Paul Gaughin (1848-1903), via Wikimedia Commons Le Joueur de Guitare, Portrait de Francisco Durrio, c. 1900, oil on canvas 90 × 72 cm private collection, London |
on Edith's Miscellany
Since I’m participating in Guiltless Reading’s Read the Nobels 2016 challenge (by the way, why don’t you sign up? There’s still time for some Nobel reads this year! I’m sure that among 113 laureates you’ll find at least one to your taste. Just check my list here) and republishing regularly my Nobel reviews on the Read the Nobels blog, I was particularly anxious to know who would receive this year’s Nobel Prize in Literature. On 13 October 2016 the spokeswoman of the Swedish Academy finally appeared before the press and startled the world with the announcement that the prestigious award will go to the American singer and songwriter Bob Dylan. Admittedly, he is known to have stood outsider chances already for some time, but who would have bet on him to actually win – ever? After all, music and literature are separate arts, aren’t they? Not as separate as it may seem at first sight.
The list of musicians who set works of literature, notably poems and plays, to music is long. And the list of poets who wrote song lyrics at one point or another in their career is probably just as long. But at all times there have also been men and women who combined musical and literary skill, who couldn’t write poems without thinking of the music to accompany them and the other way round. These songwriters probably played just as important a role in the development and above all dissemination of literature as books copied by hand in monasteries and later printed from movable type thanks to Johannes Gutenberg. Only think of the medieval minstrels and troubadours who put often ancient myths and legends into verse and spread them all over the European continent. Not to forget minnesingers like Walther von der Vogelweide who were the celebrated stars of love song in their time.
The music of those medieval songwriters may be lost today because it wasn’t written down (or their scores haven’t yet been discovered), but their words have survived and are as impressive as they were when they first resounded in the world. Of course, musical forms and lyrical themes have considerably changed since then, but the tradition of songwriting is very alive and there can be no doubt that Bob Dylan is one of the important figures of the twentieth century in it. Many of his songs keep being sung and heard worldwide, quite some of them even after more than half a century. I’m tempted to say that they have become “evergreens”, but at least in Germen the word has a connotation of the antiquated and outdated which doesn’t apply to Bob Dylan’s songs, though. Nonetheless, they are products of their time expressing a spirit and frame of mind closely linked to their historical background.
To my big shame, I must admit that apart from Blowin’ in the Wind I know only very few of the songs that Bob Dylan wrote and sang.

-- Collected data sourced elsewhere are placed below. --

lemma subst_mult_single:
  "subst \<sigma> (Poly_Mapping.single u a * Poly_Mapping.single v b)
     = subst \<sigma> (Poly_Mapping.single u a) * subst \<sigma> (Poly_Mapping.single v b)"
proof -
  let ?a = "Poly_Mapping.single [] a" and ?b = "Poly_Mapping.single [] b"
  let ?U = "prod_list (map \<sigma> u)" and ?V = "prod_list (map \<sigma> v)"
  have "subst \<sigma> (Poly_Mapping.single u a * Poly_Mapping.single v b) = ?a * ?b * (?U * ?V)"
    unfolding single_mult_single subst_single map_append prod_list.append single_Nil_mult[symmetric]
    by simp
  also have "\<dots> = ?a * (?b * ?U) * ?V"
    by (simp add: mult.assoc)
  also have "\<dots> = ?a * (?U * ?b) * ?V"
    by (simp only: single_Nil_commute)
  finally show ?thesis
    by (simp add: subst_single mult.assoc)
qed

lemma subst_mult: "subst \<sigma> (f * g) = subst \<sigma> f * subst \<sigma> g"
proof -
  let ?m = "\<lambda>h w. Poly_Mapping.single w (Poly_Mapping.lookup h w)"
  have expand: "subst \<sigma> f' * subst \<sigma> g' =
      (\<Sum>u\<in>Poly_Mapping.keys f. \<Sum>v\<in>Poly_Mapping.keys g. subst \<sigma> (?m f u) * subst \<sigma> (?m g v))"
    if "f' = (\<Sum>u\<in>Poly_Mapping.keys f. ?m f u)" "g' = (\<Sum>v\<in>Poly_Mapping.keys g. ?m g v)" for f' g'
    using that by (simp add: subst_sum sum_distrib_left sum_distrib_right) (rule sum.swap)
  have "f * g = (\<Sum>u\<in>Poly_Mapping.keys f. ?m f u) * (\<Sum>v\<in>Poly_Mapping.keys g. ?m g v)"
    by (metis poly_mapping_sum_single)
  also have "\<dots> = (\<Sum>u\<in>Poly_Mapping.keys f. \<Sum>v\<in>Poly_Mapping.keys g. ?m f u * ?m g v)"
    by (simp add: sum_distrib_left sum_distrib_right) (rule sum.swap)
  finally have "subst \<sigma> (f * g) =
      (\<Sum>u\<in>Poly_Mapping.keys f. \<Sum>v\<in>Poly_Mapping.keys g. subst \<sigma> (?m f u) * subst \<sigma> (?m g v))"
    by (simp add: subst_sum subst_mult_single)
  also have "\<dots> = subst \<sigma> f * subst \<sigma> g"
    by (rule expand[symmetric]; rule poly_mapping_sum_single)
  finally show ?thesis .
qed

lemma prod_list_map_FA: "(\<And>i. \<sigma> i \<in> FA) \<Longrightarrow> w \<noteq> [] \<Longrightarrow> prod_list (map \<sigma> w) \<in> FA"
proof (induction w)
  case (Cons i w)
  then show ?case by (cases "w = []") (auto intro: FA_mult_right)
qed simp

lemma subst_FA:
  assumes "\<And>i. \<sigma> i \<in> FA" "f \<in> FA"
  shows "subst \<sigma> f \<in> FA"
  using assms unfolding subst_def FA_iff[of f]
  by (intro FA_sum FA_mult_right prod_list_map_FA) auto

lemma is_endo_subst: "(\<And>i. \<sigma> i \<in> FA) \<Longrightarrow> is_endo (subst \<sigma>)"
  unfolding is_endo_def by (simp add: subst_FA subst_add subst_smult subst_mult pmul_eq_mult)

lemma is_endo_single_one:
  assumes "is_endo \<phi>" "w \<noteq> []"
  shows "\<phi> (Poly_Mapping.single w 1) = prod_list (map (\<lambda>i. \<phi> (var i)) w)"
  using assms(2)
proof (induction w)
  case Nil
  then show ?case by simp
next
  case (Cons i w)
  show ?case
  proof (cases "w = []")
    case True
    then show ?thesis by (simp add: var_def)
  next
    case False
    have "Poly_Mapping.single (i # w) 1 = var i * Poly_Mapping.single w (1::'a)"
      by (simp add: var_def single_mult_single)
    then show ?thesis
      using is_endo_mult[OF assms(1) FA_var FA_single[OF False]] Cons False by simp
  qed
qed

lemma is_endo_eq_subst:
  assumes "is_endo \<phi>" "f \<in> FA"
  shows "\<phi> f = subst (\<lambda>i. \<phi> (var i)) f"
proof -
  let ?m = "\<lambda>w. Poly_Mapping.single w (Poly_Mapping.lookup f w)"
  have ne: "w \<noteq> []" if "w \<in> Poly_Mapping.keys f" for w
    using assms(2) that by (simp add: FA_iff)
  have monomial: "\<phi> (?m w) = subst (\<lambda>i. \<phi> (var i)) (?m w)" if "w \<in> Poly_Mapping.keys f" for w
  proof -
    have "?m w = smult (Poly_Mapping.lookup f w) (Poly_Mapping.single w 1)"
      by (simp add: smult_eq_mult single_mult_single)
    then have "\<phi> (?m w) = smult (Poly_Mapping.lookup f w) (\<phi> (Poly_Mapping.single w 1))"
      using is_endo_smult[OF assms(1) FA_single[OF ne[OF that]]] by simp
    then show ?thesis
      by (simp add: is_endo_single_one[OF assms(1) ne[OF that]] subst_single smult_eq_mult)
  qed
  have "\<phi> f = (\<Sum>w\<in>Poly_Mapping.keys f. \<phi> (?m w))"
    by (subst poly_mapping_sum_single, rule is_endo_sum[OF assms(1)]) (simp_all add: FA_single ne)
  also have "\<dots> = subst (\<lambda>i. \<phi> (var i)) f"
    by (subst (2) poly_mapping_sum_single) (simp add: subst_sum monomial)
  finally show ?thesis .
qed

definition vars_below :: "nat \<Rightarrow> 'k::field ncpoly \<Rightarrow> bool" where
  "vars_below M f \<longleftrightarrow> (\<forall>w\<in>Poly_Mapping.keys f. \<forall>i\<in>set w. i < M)"

lemma exists_vars_below: "\<exists>M. vars_below M f"
proof -
  have "finite (\<Union>w\<in>Poly_Mapping.keys f. set w)" by simp
  then obtain M where "\<forall>i\<in>(\<Union>w\<in>Poly_Mapping.keys f. set w). i < M"
    using finite_nat_set_iff_bounded by blast
  then show ?thesis unfolding vars_below_def by blast
qed

lemma subst_cong_vars_below:
  assumes "\<And>i. i < M \<Longrightarrow> \<sigma> i = \<tau> i" "vars_below M f"
  shows "subst \<sigma> f = subst \<tau> f"
  unfolding subst_def
proof (rule sum.cong[OF refl])
  fix w assume "w \<in> Poly_Mapping.keys f"
  then have "map \<sigma> w = map \<tau> w"
    using assms by (intro map_cong) (auto simp: vars_below_def)
  then show "Poly_Mapping.single [] (Poly_Mapping.lookup f w) * prod_list (map \<sigma> w) =
      Poly_Mapping.single [] (Poly_Mapping.lookup f w) * prod_list (map \<tau> w)"
    by (simp only:)
qed

definition shift :: "nat \<Rightarrow> 'k::field ncpoly \<Rightarrow> 'k ncpoly" where
  "shift N = subst (\<lambda>i. var (i + N))"

lemma is_endo_shift: "is_endo (shift N)"
  unfolding shift_def by (rule is_endo_subst) simp

lemma shift_single_one:
  "shift N (Poly_Mapping.single w (1::'k::field)) = Poly_Mapping.single (map (\<lambda>i. i + N) w) 1"
proof -
  have "shift N (Poly_Mapping.single w (1::'k)) = prod_list (map var (map (\<lambda>i. i + N) w))"
    by (simp add: shift_def subst_single single_Nil_one comp_def)
  also have "prod_list (map var w') = Poly_Mapping.single w' (1::'k)" for w'
    by (induction w') (simp_all add: single_Nil_one var_def single_mult_single)
  finally show ?thesis .
qed

text \<open>If f involves only the first M variables, then f and shift M g share no variable,
  so two endomorphisms can be applied to them simultaneously.\<close>

lemma endo_glue:
  assumes \<phi>: "is_endo \<phi>" and \<psi>: "is_endo \<psi>" and M: "vars_below M f"
    and f: "f \<in> FA" and g: "g \<in> FA"
  shows "\<exists>\<chi>. is_endo \<chi> \<and> \<chi> f = \<phi> f \<and> \<chi> (shift M g) = \<psi> g"
proof -
  define \<tau> where "\<tau> i = (if i < M then \<phi> (var i) else \<psi> (var (i - M)))" for i
  have \<chi>: "is_endo (subst \<tau>)"
    by (rule is_endo_subst) (simp add: \<tau>_def is_endo_FA[OF \<phi>] is_endo_FA[OF \<psi>])
  have "subst \<tau> f = \<phi> f"
    using subst_cong_vars_below[OF _ M, of \<tau> "\<lambda>i. \<phi> (var i)"] is_endo_eq_subst[OF \<phi> f]
    by (simp add: \<tau>_def)
  moreover have "subst \<tau> (shift M g) = \<psi> g"
  proof -
    have "subst \<tau> (shift M g) = subst (\<lambda>i. subst \<tau> (shift M (var i))) g"
      by (rule is_endo_eq_subst[OF is_endo_comp[OF \<chi> is_endo_shift] g])
    also have "\<dots> = \<psi> g"
      using is_endo_eq_subst[OF \<psi> g] by (simp add: shift_def \<tau>_def)
    finally show ?thesis .
  qed
  ultimately show ?thesis using \<chi> by blast
qed

lemma T_spaceI:
  assumes "V \<subseteq> FA" "0 \<in> V" "\<And>f g. f \<in> V \<Longrightarrow> g \<in> V \<Longrightarrow> f + g \<in> V"
    "\<And>f c. f \<in> V \<Longrightarrow> smult c f \<in> V" "\<And>\<phi> f. is_endo \<phi> \<Longrightarrow> f \<in> V \<Longrightarrow> \<phi> f \<in> V"
  shows "T_space V"
  using assms unfolding T_space_def by blast

lemma T_space_FA_mem: "T_space V \<Longrightarrow> f \<in> V \<Longrightarrow> f \<in> FA"
  unfolding T_space_def by blast

lemma T_space_0: "T_space V \<Longrightarrow> 0 \<in> V"
  unfolding T_space_def by blast

lemma T_space_add: "T_space V \<Longrightarrow> f \<in> V \<Longrightarrow> g \<in> V \<Longrightarrow> f + g \<in> V"
  unfolding T_space_def by blast

lemma T_space_smult: "T_space V \<Longrightarrow> f \<in> V \<Longrightarrow> smult c f \<in> V"
  unfolding T_space_def by blast

lemma T_space_endo: "T_space V \<Longrightarrow> is_endo \<phi> \<Longrightarrow> f \<in> V \<Longrightarrow> \<phi> f \<in> V"
  unfolding T_space_def by blast

lemma T_space_FA: "T_space FA"
  by (rule T_spaceI) (auto intro: FA_add FA_smult is_endo_FA)

lemma T_space_Tgen:
  assumes "A \<subseteq> FA"
  shows "T_space (Tgen A)"
proof (rule T_spaceI)
  have "FA \<in> {V. T_space V \<and> A \<subseteq> V}"
    using assms T_space_FA by simp
  then show "Tgen A \<subseteq> FA"
    unfolding Tgen_def by blast
qed (auto simp: Tgen_def intro: T_space_0 T_space_add T_space_smult T_space_endo)

lemma Tgen_least: "T_space V \<Longrightarrow> A \<subseteq> V \<Longrightarrow> Tgen A \<subseteq> V"
  unfolding Tgen_def by auto

lemma Tgen_superset: "A \<subseteq> Tgen A"
  unfolding Tgen_def by auto

text \<open>A residual is closed under an endomorphism because the endomorphism can be glued
  with the identity on a shifted copy of the other factor.\<close>

definition left_residual :: "'k::field ncpoly set \<Rightarrow> 'k ncpoly set \<Rightarrow> 'k ncpoly set" where
  "left_residual W B = {f \<in> FA. \<forall>g\<in>B. f * g \<in> W}"

definition right_residual :: "'k::field ncpoly set \<Rightarrow> 'k ncpoly set \<Rightarrow> 'k ncpoly set" where
  "right_residual A W = {g \<in> FA. \<forall>f\<in>A. f * g \<in> W}"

Leafing through a song book in the shop, I found only three or four other titles that actually sounded familiar to me. Of course, with only the lyrics it’s difficult to tell if you have heard a song or not, especially when you are like me listening to music mainly on the radio and not really paying attention. Moreover, Bob Dylan is my parents’ generation, i.e. he made his fame already before I was born. When I finally reached the age to be really interested in music – in the 1980s – , other musicians long outshone him, and besides, my English wasn’t good enough to understand his lyrics, not to mention that I was too young to get the deeper meaning. That came only some time later... when I no longer cared.
The fact that the Swedish Academy decided to award Bob Dylan the Nobel Prize in Literature 2016 pushed him and his music back into my focus quite unexpectedly. I never thought of him as a literary man or a poet, but considering that he didn’t just write empty songs like scores of others, notably in this new millennium, and that Alfred Nobel wished to reward “the most outstanding work of an idealistic tendency” in literature, I think that the choice is at least understandable. Besides, I found out that apart from his lyrics and several art books with his drawings Bob Dylan also published the prose poetry collection Tarantula (1971) and the first part of his memoir titled Chronicles. Volume One (2004). So give him a chance. I certainly will.